In 2023, the 146,445 adult trees in Valencia have:
. Formed + 225t of O3 (formation: 336t, removal: 111t)
. Removed 197t of NO2 (eq. 46,100 cars*)
. Removed 37t of PM10 (eq. 56,160 cars*)
. Removed 5,430t of CO2 (eq. 3,420 cars*)
* emissions from passenger cars registered in France having travelled on average 12,200 km annually at a mean speed of 70 km/h.

Tentative results for Bucharest

The requested Pleiades satellite acquisition took place on 23 September 2024 and covers 400 km². A meeting in early November 2024 with the municipality of Bucharest, the Ministry of the Environment and local stakeholders for forestry helped to define future activities in support of green infrastructure planning, environmental health monitoring and the city's resilience efforts.

👉Pending delivery of the municipal inventory of Bucharest trees, the team is working on tree height estimation by using Pleiades tri-stereo images. At the same time, the project has been able to define a list of tree species suited to the environmental and local conditions in Bucharest: lime trees, plane trees and maples are suitable for greening strategies while some species such as poplar are not.

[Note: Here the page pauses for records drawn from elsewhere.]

lemma sum_neighbours_off_edge:
  fixes f :: "'a \<Rightarrow> 'b::ab_group_add"
  assumes sg: "simple_graph V E" and ab: "{a, b} \<in> E"
  shows "(\<Sum>w\<in>V - {a, b}. if w \<in> neighbours E a then f w else 0)
           = (\<Sum>w\<in>neighbours E a. f w) - f b"
proof -
  have "{w \<in> V - {a, b}. w \<in> neighbours E a} = neighbours E a - {b}"
    using neighbours_subset[OF sg, of a] by blast
  moreover have "b \<in> neighbours E a" using ab unfolding neighbours_def by simp
  ultimately show ?thesis
    using sg finite_neighbours[OF sg] unfolding simple_graph_def
    by (simp add: sum.inter_filter[symmetric] sum_diff1)
qed

lemma power_pred_eq: "(y - 1) ^ k = y ^ k - pow_bdiff k y"
  unfolding pow_bdiff_def by simp

lemma M1p_del_edge:
  assumes sg: "simple_graph V E" and tf: "triangle_free E" and ab: "{a, b} \<in> E"
  defines "d w \<equiv> int (degree E w)"
  shows "M1p k (del_verts_V V {a, b}) (del_verts_E E {a, b}) = M1p k V E
           - (\<Sum>x\<in>{a, b}. d x ^ k - pow_bdiff k (d x) + (\<Sum>w\<in>neighbours E x. pow_bdiff k (d w)))"
proof -
  have ba: "{b, a} \<in> E" using ab by (simp add: insert_commute)
  have "a \<noteq> b" "a \<in> V" "b \<in> V"
    using ab simple_graph_no_loop[OF sg] simple_graph_edges_subset_Pow[OF sg] by auto
  define D where "D w = (if w \<in> neighbours E a then pow_bdiff k (d w) else 0)
                       + (if w \<in> neighbours E b then pow_bdiff k (d w) else 0)" for w
  have "int (degree (del_verts_E E {a, b}) w) ^ k = d w ^ k - D w" if "w \<in> V - {a, b}" for w
  proof -
    have "w \<in> neighbours E a \<union> neighbours E b \<Longrightarrow> degree E w \<noteq> 0"
      using degree_eq_card_neighbours[OF sg, of w] finite_neighbours[OF sg, of w]
      by (auto simp: neighbours_sym[of w])
    then show ?thesis
      using degree_del_edge_ends[OF sg tf ab, of w] that
        triangle_free_no_common_neighbour[OF sg tf ab, of w]
      by (auto simp: D_def d_def of_nat_diff power_pred_eq)
  qed
  then have "M1p k (del_verts_V V {a, b}) (del_verts_E E {a, b})
               = (\<Sum>w\<in>V - {a, b}. d w ^ k) - (\<Sum>w\<in>V - {a, b}. D w)"
    unfolding M1p_def del_verts_V_def by (simp add: sum_subtractf)
  also have "(\<Sum>w\<in>V - {a, b}. d w ^ k) = M1p k V E - (d a ^ k + d b ^ k)"
    using sg \<open>a \<noteq> b\<close> \<open>a \<in> V\<close> \<open>b \<in> V\<close>
    unfolding M1p_def d_def simple_graph_def by (simp add: sum_diff)
  also have "(\<Sum>w\<in>V - {a, b}. D w)
      = ((\<Sum>w\<in>neighbours E a. pow_bdiff k (d w)) - pow_bdiff k (d b))
        + ((\<Sum>w\<in>neighbours E b. pow_bdiff k (d w)) - pow_bdiff k (d a))"
    unfolding D_def sum.distrib
    using sum_neighbours_off_edge[OF sg ab, of "\<lambda>w. pow_bdiff k (d w)"]
      sum_neighbours_off_edge[OF sg ba, of "\<lambda>w. pow_bdiff k (d w)"]
    by (simp add: insert_commute[of b a])
  finally show ?thesis using \<open>a \<noteq> b\<close> by simp
qed

lemma sum_vertices_incident_edges:
  fixes f :: "'a \<Rightarrow> 'a set \<Rightarrow> 'b::comm_monoid_add"
  assumes "simple_graph V E"
  shows "(\<Sum>x\<in>V. \<Sum>e\<in>{e \<in> E. x \<in> e}. f x e) = (\<Sum>e\<in>E. \<Sum>x\<in>e. f x e)"
proof -
  have "{x \<in> V. x \<in> e} = e" if "e \<in> E" for e
    using that simple_graph_edges_subset_Pow[OF assms] by blast
  then show ?thesis
    using sum.swap_restrict[of V E f "\<lambda>x e. x \<in> e"] assms simple_graph_finite_edges[OF assms]
    unfolding simple_graph_def by simp
qed

lemma sum_edges_endpoints:
  fixes g :: "'a \<Rightarrow> 'b::comm_semiring_1"
  assumes "simple_graph V E"
  shows "(\<Sum>e\<in>E. \<Sum>x\<in>e. g x) = (\<Sum>x\<in>V. of_nat (degree E x) * g x)"
  using sum_vertices_incident_edges[OF assms, of "\<lambda>x e. g x"] by (simp add: degree_def)

lemma handshake:
  assumes "simple_graph V E"
  shows "M1p 1 V E = 2 * int (card E)"
proof -
  have "card e = 2" if "e \<in> E" for e
    using assms that by (auto elim: simple_graph_edgeE)
  then show ?thesis
    using sum_edges_endpoints[OF assms, of "\<lambda>x. 1 :: int"] unfolding M1p_def by simp
qed

lemma sum_neighbours_as_edges:
  fixes h :: "'a \<Rightarrow> 'a \<Rightarrow> 'b::comm_monoid_add"
  assumes sg: "simple_graph V E"
  shows "(\<Sum>x\<in>V. \<Sum>w\<in>neighbours E x. h x w) = (\<Sum>e\<in>E. \<Sum>x\<in>e. \<Sum>w\<in>e - {x}. h x w)"
proof -
  have "(\<Sum>w\<in>neighbours E x. h x w) = (\<Sum>e\<in>{e \<in> E. x \<in> e}. \<Sum>w\<in>e - {x}. h x w)" for x
  proof -
    have "(\<Sum>w\<in>neighbours E x. h x w) = (\<Sum>w\<in>neighbours E x. \<Sum>u\<in>{x, w} - {x}. h x u)"
      using neighbours_subset(2)[OF sg, of x] by (intro sum.cong) (auto simp: insert_Diff_if)
    also have "\<dots> = (\<Sum>e\<in>{e \<in> E. x \<in> e}. \<Sum>w\<in>e - {x}. h x w)"
      by (rule sum.reindex_bij_betw[OF bij_betw_neighbours_incident_edges[OF sg]])
    finally show ?thesis .
  qed
  then show ?thesis using sum_vertices_incident_edges[OF sg] by simp
qed

lemma xi_eq:
  assumes sg: "simple_graph V E" and tf: "triangle_free E"
  defines "d w \<equiv> int (degree E w)"
  shows "xi k V E = int (card E) * M1p (k + 1) V E - M1p (k + 2) V E
           + (\<Sum>x\<in>V. d x * pow_bdiff (k + 1) (d x))
           - (\<Sum>e\<in>E. \<Sum>x\<in>e. \<Sum>w\<in>e - {x}. d x * pow_bdiff (k + 1) (d w))"
proof -
  define g where "g x = d x ^ (k + 1) - pow_bdiff (k + 1) (d x)
                        + (\<Sum>w\<in>neighbours E x. pow_bdiff (k + 1) (d w))" for x
  have "xi k V E = (\<Sum>e\<in>E. M1p (k + 1) V E - (\<Sum>x\<in>e. g x))"
    unfolding xi_def
  proof (rule sum.cong[OF refl])
    fix e assume "e \<in> E"
    then obtain a b where "e = {a, b}" using sg by (blast elim: simple_graph_edgeE)
    then show "M1p (k + 1) (del_verts_V V e) (del_verts_E E e) = M1p (k + 1) V E - (\<Sum>x\<in>e. g x)"
      using M1p_del_edge[OF sg tf, of a b "k + 1"] \<open>e \<in> E\<close> unfolding g_def d_def by simp
  qed
  also have "\<dots> = int (card E) * M1p (k + 1) V E - (\<Sum>x\<in>V. d x * g x)"
    using sum_edges_endpoints[OF sg, of g] by (simp add: sum_subtractf d_def)
  also have "(\<Sum>x\<in>V. d x * g x) = M1p (k + 2) V E - (\<Sum>x\<in>V. d x * pow_bdiff (k + 1) (d x))
      + (\<Sum>x\<in>V. \<Sum>w\<in>neighbours E x. d x * pow_bdiff (k + 1) (d w))"
    unfolding g_def M1p_def d_def
    by (simp add: algebra_simps sum.distrib sum_subtractf sum_distrib_left)
  also have "(\<Sum>x\<in>V. \<Sum>w\<in>neighbours E x. d x * pow_bdiff (k + 1) (d w))
      = (\<Sum>e\<in>E. \<Sum>x\<in>e. \<Sum>w\<in>e - {x}. d x * pow_bdiff (k + 1) (d w))"
    by (rule sum_neighbours_as_edges[OF sg])
  finally show ?thesis by simp
qed

lemma sum_degree_times_pow_bdiff:
  assumes "\<And>y. y * pow_bdiff k y = c4 * y ^ 4 + c3 * y ^ 3 + c2 * y ^ 2 + c1 * y ^ 1"
  shows "(\<Sum>x\<in>V. int (degree E x) * pow_bdiff k (int (degree E x)))
           = c4 * M1p 4 V E + c3 * M1p 3 V E + c2 * M1p 2 V E + c1 * M1p 1 V E"
  unfolding M1p_def assms by (simp add: sum.distrib sum_distrib_left)

lemma sum_edges_cross_pow_bdiff:
  assumes sg: "simple_graph V E"
    and poly: "\<And>y z. y * pow_bdiff k z + z * pow_bdiff k y
                 = c3 * (y * z) * (y ^ 2 + z ^ 2) + c2 * (y * z) * (y + z) + c1 * (y * z) + c0 * (y + z)"
  shows "(\<Sum>e\<in>E. \<Sum>x\<in>e. \<Sum>w\<in>e - {x}. int (degree E x) * pow_bdiff k (int (degree E w)))
           = c3 * alpha_idx 2 E + c2 * alpha_idx 1 E + c1 * M2 E + c0 * M1p 2 V E"
proof -
  define d where "d w = int (degree E w)" for w
  have "(\<Sum>x\<in>e. \<Sum>w\<in>e - {x}. d x * pow_bdiff k (d w))
          = c3 * ((\<Prod>v\<in>e. d v) * (\<Sum>v\<in>e. d v ^ 2)) + c2 * ((\<Prod>v\<in>e. d v) * (\<Sum>v\<in>e. d v ^ 1))
            + c1 * (\<Prod>v\<in>e. d v) + c0 * (\<Sum>v\<in>e. d v)" if "e \<in> E" for e
  proof -
    obtain a b where "e = {a, b}" "a \<noteq> b" using sg \<open>e \<in> E\<close> by (blast elim: simple_graph_edgeE)
    then show ?thesis using poly[of "d a" "d b"] by (simp add: insert_Diff_if)
  qed
  then have "(\<Sum>e\<in>E. \<Sum>x\<in>e. \<Sum>w\<in>e - {x}. d x * pow_bdiff k (d w))
      = c3 * alpha_idx 2 E + c2 * alpha_idx 1 E + c1 * M2 E + c0 * (\<Sum>e\<in>E. \<Sum>v\<in>e. d v)"
    unfolding alpha_idx_def M2_def d_def by (simp add: sum.distrib sum_distrib_left)
  also have "(\<Sum>e\<in>E. \<Sum>v\<in>e. d v) = M1p 2 V E"
    using sum_edges_endpoints[OF sg, of d] unfolding M1p_def d_def by (simp add: power2_eq_square)
  finally show ?thesis unfolding d_def .
qed

lemma xi_1_eq:
  assumes "simple_graph V E" and "triangle_free E"
  defines "m \<equiv> int (card E)"
  shows "xi 1 V E = (m + 3) * M1p 2 V E - M1p 3 V E - 4 * M2 E - 2 * m"
proof -
  have "(\<Sum>x\<in>V. int (degree E x) * pow_bdiff 2 (int (degree E x)))
          = 0 * M1p 4 V E + 0 * M1p 3 V E + 2 * M1p 2 V E + (-1) * M1p 1 V E"
    by (rule sum_degree_times_pow_bdiff) (simp add: pow_bdiff_def algebra_simps power2_eq_square)
  moreover have "(\<Sum>e\<in>E. \<Sum>x\<in>e. \<Sum>w\<in>e - {x}. int (degree E x) * pow_bdiff 2 (int (degree E w)))
          = 0 * alpha_idx 2 E + 0 * alpha_idx 1 E + 4 * M2 E + (-1) * M1p 2 V E"
    by (rule sum_edges_cross_pow_bdiff[OF assms(1)])
      (simp add: pow_bdiff_def algebra_simps power2_eq_square)
  ultimately show ?thesis
    using xi_eq[OF assms(1,2), of 1] handshake[OF assms(1)] unfolding m_def by (simp add: algebra_simps numeral_eq_Suc)
qed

As the city of Bucharest has already undertaken planting initiatives, the project team also looked at validated figures to make projections:
. Between 2000 and 2019, tree cover increased by 4.6% per year.
. In 2019, with a mean tree cover of 6.5%, 2,471 premature deaths were attributed to PM2.5, NO2 and O3.
. Compared to 2019, each 5% increase in the city's tree cover would reduce by 2.7% the annual PM2.5mean concentrations, 1.7% for NO2 and 1.4% for O3. At the same time, premature deaths would reduce by 3.5%, preventing 20 lives.
➢ Increasing tree cover to 30% could prevent 387 premature deaths each year.

Extrapolating these figures to a larger scale, ACRI-ST estimates that in 744 European urban areas (> 50,000 inhabitants, 36 countries), increasing canopy cover to 30% in each urban area could prevent 12,000 premature deaths each year.